他垂着眼皮撩一眼,从口袋里取出戒指盒递出去,她好奇的接过打开,是一枚粉钻,这色泽,这克数大抵是从拍卖会上得来的好玩意儿,瞳孔瞬间放大,双手下意识捂住嘴巴,戒指盒落在柔软的被子上。

“啊!”

陈崧年已然习惯身边人一惊一乍的德行,掀开被子上床,说了句,“你更没出息,就一个新年礼物而已。”

她拿起戒指盒,扑进他怀里,亲昵地蹭着他的脸颊,一连亲了好几下,“哥哥新年快乐!”

“嗯。”

然后她就不理他了。

既敷衍又充足。

元旦第一天,陈崧年带花明湄回了花家,今天花清涟也来了。

周婉音坐在沙发上,看着她的眉眼,心里止不住的酸涩,当初她被全网黑的那两天,她在家哭了一个星期,一想起来就哭,她所尽的绵薄之力根本堵不住悠悠众口。

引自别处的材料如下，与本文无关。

lemma dpartitions_member_fps:
  assumes "a \<in> B" "0 < a"
  shows "Abs_fps (\<lambda>m. int (card {S \<in> dpartitions B m. a \<in> S})) = dpartition_fps 1 B * multiples_fps (-1) a"
proof -
  have "card {S \<in> dpartitions B m. a \<in> S} = (if a \<le> m then card (dpartitions (B - {a}) (m - a)) else 0)"
    for m
  proof (cases "a \<le> m")
    case True
    then show ?thesis
      using bij_betw_same_card[OF dpartitions_containing_bij[OF assms True]] by simp
  next
    case False
    then have empty: "{S \<in> dpartitions B m. a \<in> S} = {}"
      using dpartition_parts[of _ B m] by fastforce
    show ?thesis
      unfolding empty using False by simp
  qed
  then have "Abs_fps (\<lambda>m. int (card {S \<in> dpartitions B m. a \<in> S})) = fps_X ^ a * dpartition_fps 1 (B - {a})"
    by (intro fps_ext) (simp add: fps_X_power_mult_nth dpartition_fps_def)
  also have "\<dots> = multiples_fps (-1) a * (1 + fps_X ^ a) * dpartition_fps 1 (B - {a})"
    using multiples_fps_times[OF assms(2), of "-1"] by simp
  also have "\<dots> = dpartition_fps 1 B * multiples_fps (-1) a"
    using dpartition_fps_remove[OF assms, of 1] by (simp add: algebra_simps)
  finally show ?thesis .
qed

definition divisor_fps :: "int \<Rightarrow> nat set \<Rightarrow> int fps" where
  "divisor_fps c A = Abs_fps (\<lambda>k. if k = 0 then 0 else \<Sum>a | a \<in> A \<and> a dvd k. c ^ (k div a - 1))"

lemma divisor_fps_nth_0 [simp]: "divisor_fps c A $ 0 = 0"
  by (simp add: divisor_fps_def)

lemma divisor_fps_1_nth: "0 < k \<Longrightarrow> divisor_fps 1 A $ k = tauA A k"
  by (simp add: divisor_fps_def tauA_def)

lemma divisor_fps_minus_1_nth: "0 < k \<Longrightarrow> divisor_fps (-1) A $ k = tausA A k"
  by (simp add: divisor_fps_def tausA_def)

lemma sum_multiples_fps_eq_upto:
  "fps_eq_upto n (\<Sum>a\<in>A \<inter> {1..n}. multiples_fps c a) (divisor_fps c A)"
  unfolding fps_eq_upto_def
proof (intro allI impI)
  fix i assume "i \<le> n"
  show "(\<Sum>a\<in>A \<inter> {1..n}. multiples_fps c a) $ i = divisor_fps c A $ i"
  proof (cases "i = 0")
    case False
    have "a \<in> {1..n}" if "a dvd i" for a
    proof -
      have "a \<noteq> 0" "a \<le> i"
        using that False by (auto simp: dvd_imp_le)
      with \<open>i \<le> n\<close> show ?thesis
        by simp
    qed
    then have "{a \<in> A \<inter> {1..n}. a dvd i} = {a. a \<in> A \<and> a dvd i}"
      by blast
    with False show ?thesis
      by (simp add: fps_sum_nth multiples_fps_def divisor_fps_def sum.inter_filter[symmetric])
  qed (simp add: fps_sum_nth multiples_fps_def divisor_fps_def)
qed

lemma Np_fps: "Abs_fps (Np A) = partition_fps 1 A * divisor_fps 1 A"
proof (rule fps_eq_upto_all)
  fix n
  define An where "An = A \<inter> {1..n}"
  have "fps_eq_upto n (Abs_fps (Np A))
      (\<Sum>a\<in>An. Abs_fps (\<lambda>m. \<Sum>M\<in>partitions A m. int (count M a)))"
    unfolding fps_eq_upto_def
  proof (intro allI impI)
    fix m assume "m \<le> n"
    have "size M = (\<Sum>a\<in>An. count M a)" if "M \<in> partitions A m" for M
      using partition_parts[OF that] \<open>m \<le> n\<close> by (intro size_eq_sum_count) (auto simp: An_def)
    then have "Np A m = (\<Sum>M\<in>partitions A m. \<Sum>a\<in>An. int (count M a))"
      unfolding Np_def by (simp cong: sum.cong)
    then show "Abs_fps (Np A) $ m = (\<Sum>a\<in>An. Abs_fps (\<lambda>m. \<Sum>M\<in>partitions A m. int (count M a))) $ m"
      by (simp add: fps_sum_nth sum.swap[of _ An])
  qed
  also have "(\<Sum>a\<in>An. Abs_fps (\<lambda>m. \<Sum>M\<in>partitions A m. int (count M a))) =
      partition_fps 1 A * (\<Sum>a\<in>An. multiples_fps 1 a)"
    by (simp add: An_def partitions_count_fps sum_distrib_left)
  also have "fps_eq_upto n \<dots> (partition_fps 1 A * divisor_fps 1 A)"
    unfolding An_def by (intro fps_eq_upto_mult fps_eq_upto_refl sum_multiples_fps_eq_upto)
  finally show "fps_eq_upto n (Abs_fps (Np A)) (partition_fps 1 A * divisor_fps 1 A)" .
qed

lemma Nq_fps: "Abs_fps (Nq A) = dpartition_fps 1 A * divisor_fps (-1) A"
proof (rule fps_eq_upto_all)
  fix n
  define An where "An = A \<inter> {1..n}"
  have "fps_eq_upto n (Abs_fps (Nq A))
      (\<Sum>a\<in>An. Abs_fps (\<lambda>m. int (card {S \<in> dpartitions A m. a \<in> S})))"
    unfolding fps_eq_upto_def
  proof (intro allI impI)
    fix m assume "m \<le> n"
    have "int (card S) = (\<Sum>a\<in>An. of_bool (a \<in> S))" if "S \<in> dpartitions A m" for S
    proof -
      have "An \<inter> {a. a \<in> S} = S"
        using dpartition_parts[OF that] \<open>m \<le> n\<close> by (auto simp: An_def)
      then show ?thesis
        by (simp add: An_def)
    qed
    then have "Nq A m = (\<Sum>S\<in>dpartitions A m. \<Sum>a\<in>An. of_bool (a \<in> S))"
      unfolding Nq_def by (simp cong: sum.cong)
    also have "\<dots> = (\<Sum>a\<in>An. int (card {S \<in> dpartitions A m. a \<in> S}))"
      by (subst sum.swap) (simp add: finite_dpartitions Int_def)
    finally show "Abs_fps (Nq A) $ m =
        (\<Sum>a\<in>An. Abs_fps (\<lambda>m. int (card {S \<in> dpartitions A m. a \<in> S}))) $ m"
      by (simp add: fps_sum_nth)
  qed
  also have "(\<Sum>a\<in>An. Abs_fps (\<lambda>m. int (card {S \<in> dpartitions A m. a \<in> S}))) =
      dpartition_fps 1 A * (\<Sum>a\<in>An. multiples_fps (-1) a)"
    by (simp add: An_def dpartitions_member_fps sum_distrib_left)
  also have "fps_eq_upto n \<dots> (dpartition_fps 1 A * divisor_fps (-1) A)"
    unfolding An_def by (intro fps_eq_upto_mult fps_eq_upto_refl sum_multiples_fps_eq_upto)
  finally show "fps_eq_upto n (Abs_fps (Nq A)) (dpartition_fps 1 A * divisor_fps (-1) A)" .
qed

section \<open>The two identities\<close>

lemma pos_eq_Un_compl_pos: "0 \<notin> A \<Longrightarrow> {k. 0 < k} = A \<union> compl_pos A"
  by (auto simp: compl_pos_def intro: gr0I)

lemma Int_compl_pos: "A \<inter> compl_pos A = {}"
  by (auto simp: compl_pos_def)

lemma Np_omega_fps:
  assumes "0 \<notin> A"
  shows "Abs_fps (Np A) * Abs_fps omega = divisor_fps 1 A * dpartition_fps (-1) (compl_pos A)"
proof -
  have "Abs_fps omega = dpartition_fps (-1) A * dpartition_fps (-1) (compl_pos A)"
    by (simp add: pentagonal_number_theorem[symmetric] pos_eq_Un_compl_pos[OF assms] dpartition_fps_Un
        Int_compl_pos)
  then have "Abs_fps (Np A) * Abs_fps omega =
      (partition_fps 1 A * dpartition_fps (-1) A) * (divisor_fps 1 A * dpartition_fps (-1) (compl_pos A))"
    by (simp add: Np_fps ac_simps)
  then show ?thesis
    by (simp add: partition_fps_dpartition_fps_inverse[of 1, simplified])
qed

lemma Nq_odp_fps:
  assumes "0 \<notin> A"
  shows "Abs_fps (Nq A) * Abs_fps (\<lambda>m. (-1) ^ m * odp m) =
    divisor_fps (-1) A * partition_fps (-1) (compl_pos A)"
proof -
  define C where "C = compl_pos A"
  define u where "u = dpartition_fps 1 C"
  define v where "v = dpartition_fps 1 A * dpartition_fps (-1) {k. odd k}"
  have "dpartition_fps 1 {k. 0 < k} = dpartition_fps 1 A * u"
    by (simp add: u_def C_def pos_eq_Un_compl_pos[OF assms] dpartition_fps_Un Int_compl_pos)
  then have vu: "v * u = 1"
    using dpartition_fps_pos_odd_inverse unfolding v_def by (simp only: mult_ac)
  have Cu: "partition_fps (-1) C * u = 1"
    using partition_fps_dpartition_fps_inverse[of "-1" C] by (simp add: u_def)
  have "v = v * (partition_fps (-1) C * u)"
    by (simp add: Cu)
  also have "\<dots> = partition_fps (-1) C * (v * u)"
    by (simp only: mult_ac)
  finally have "v = partition_fps (-1) C"
    by (simp add: vu)
  moreover have "Abs_fps (Nq A) * Abs_fps (\<lambda>m. (-1) ^ m * odp m) = divisor_fps (-1) A * v"
    unfolding Nq_fps odp_fps v_def by (simp only: mult_ac)
  ultimately show ?thesis
    by (simp add: C_def)
qed

theorem theorem3:
  fixes A :: "nat set" and n :: nat
  assumes "A \<noteq> {}" and "0 \<notin> A" and "n > 0"
  shows "((\<Sum>k=1..n. Np A k * omega (n - k))
           = (\<Sum>k=1..n. tauA A k * (qe (compl_pos A) (n - k) - qo (compl_pos A) (n - k)))) \<and>
         ((\<Sum>k=1..n. (-1) ^ (n - k) * Nq A k * odp (n - k))
           = (\<Sum>k=1..n. tausA A k * (pe (compl_pos A) (n - k) - po (compl_pos A) (n - k))))"
proof
  have "(Abs_fps (Np A) * Abs_fps omega) $ n =
      (divisor_fps 1 A * dpartition_fps (-1) (compl_pos A)) $ n"
    by (simp only: Np_omega_fps[OF assms(2)])
  then show "(\<Sum>k=1..n. Np A k * omega (n - k)) =
      (\<Sum>k=1..n. tauA A k * (qe (compl_pos A) (n - k) - qo (compl_pos A) (n - k)))"
    by (simp add: fps_mult_nth_from_1 Np_0 divisor_fps_1_nth qe_minus_qo)
next
  have "(Abs_fps (Nq A) * Abs_fps (\<lambda>m. (-1) ^ m * odp m)) $ n =
      (divisor_fps (-1) A * partition_fps (-1) (compl_pos A)) $ n"
    by (simp only: Nq_odp_fps[OF assms(2)])
  then show "(\<Sum>k=1..n. (-1) ^ (n - k) * Nq A k * odp (n - k)) =
      (\<Sum>k=1..n. tausA A k * (pe (compl_pos A) (n - k) - po (compl_pos A) (n - k)))"
    by (simp add: fps_mult_nth_from_1 Nq_0 divisor_fps_minus_1_nth pe_minus_po ac_simps)
qed

end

自从她来到这个世界,最令她动容的是,她有对爱她的父母,那些年因为无父无母,遭受过不少恶语,各种难听的话都有,她一个劲的铆足劲学习,或许是差点天赋吧,她想着既然如此那就踏踏实实赚钱吧,保持一个积极乐观的心态比什么都好,直到真正开始步入社会,一个接着一个的打击扑面而来。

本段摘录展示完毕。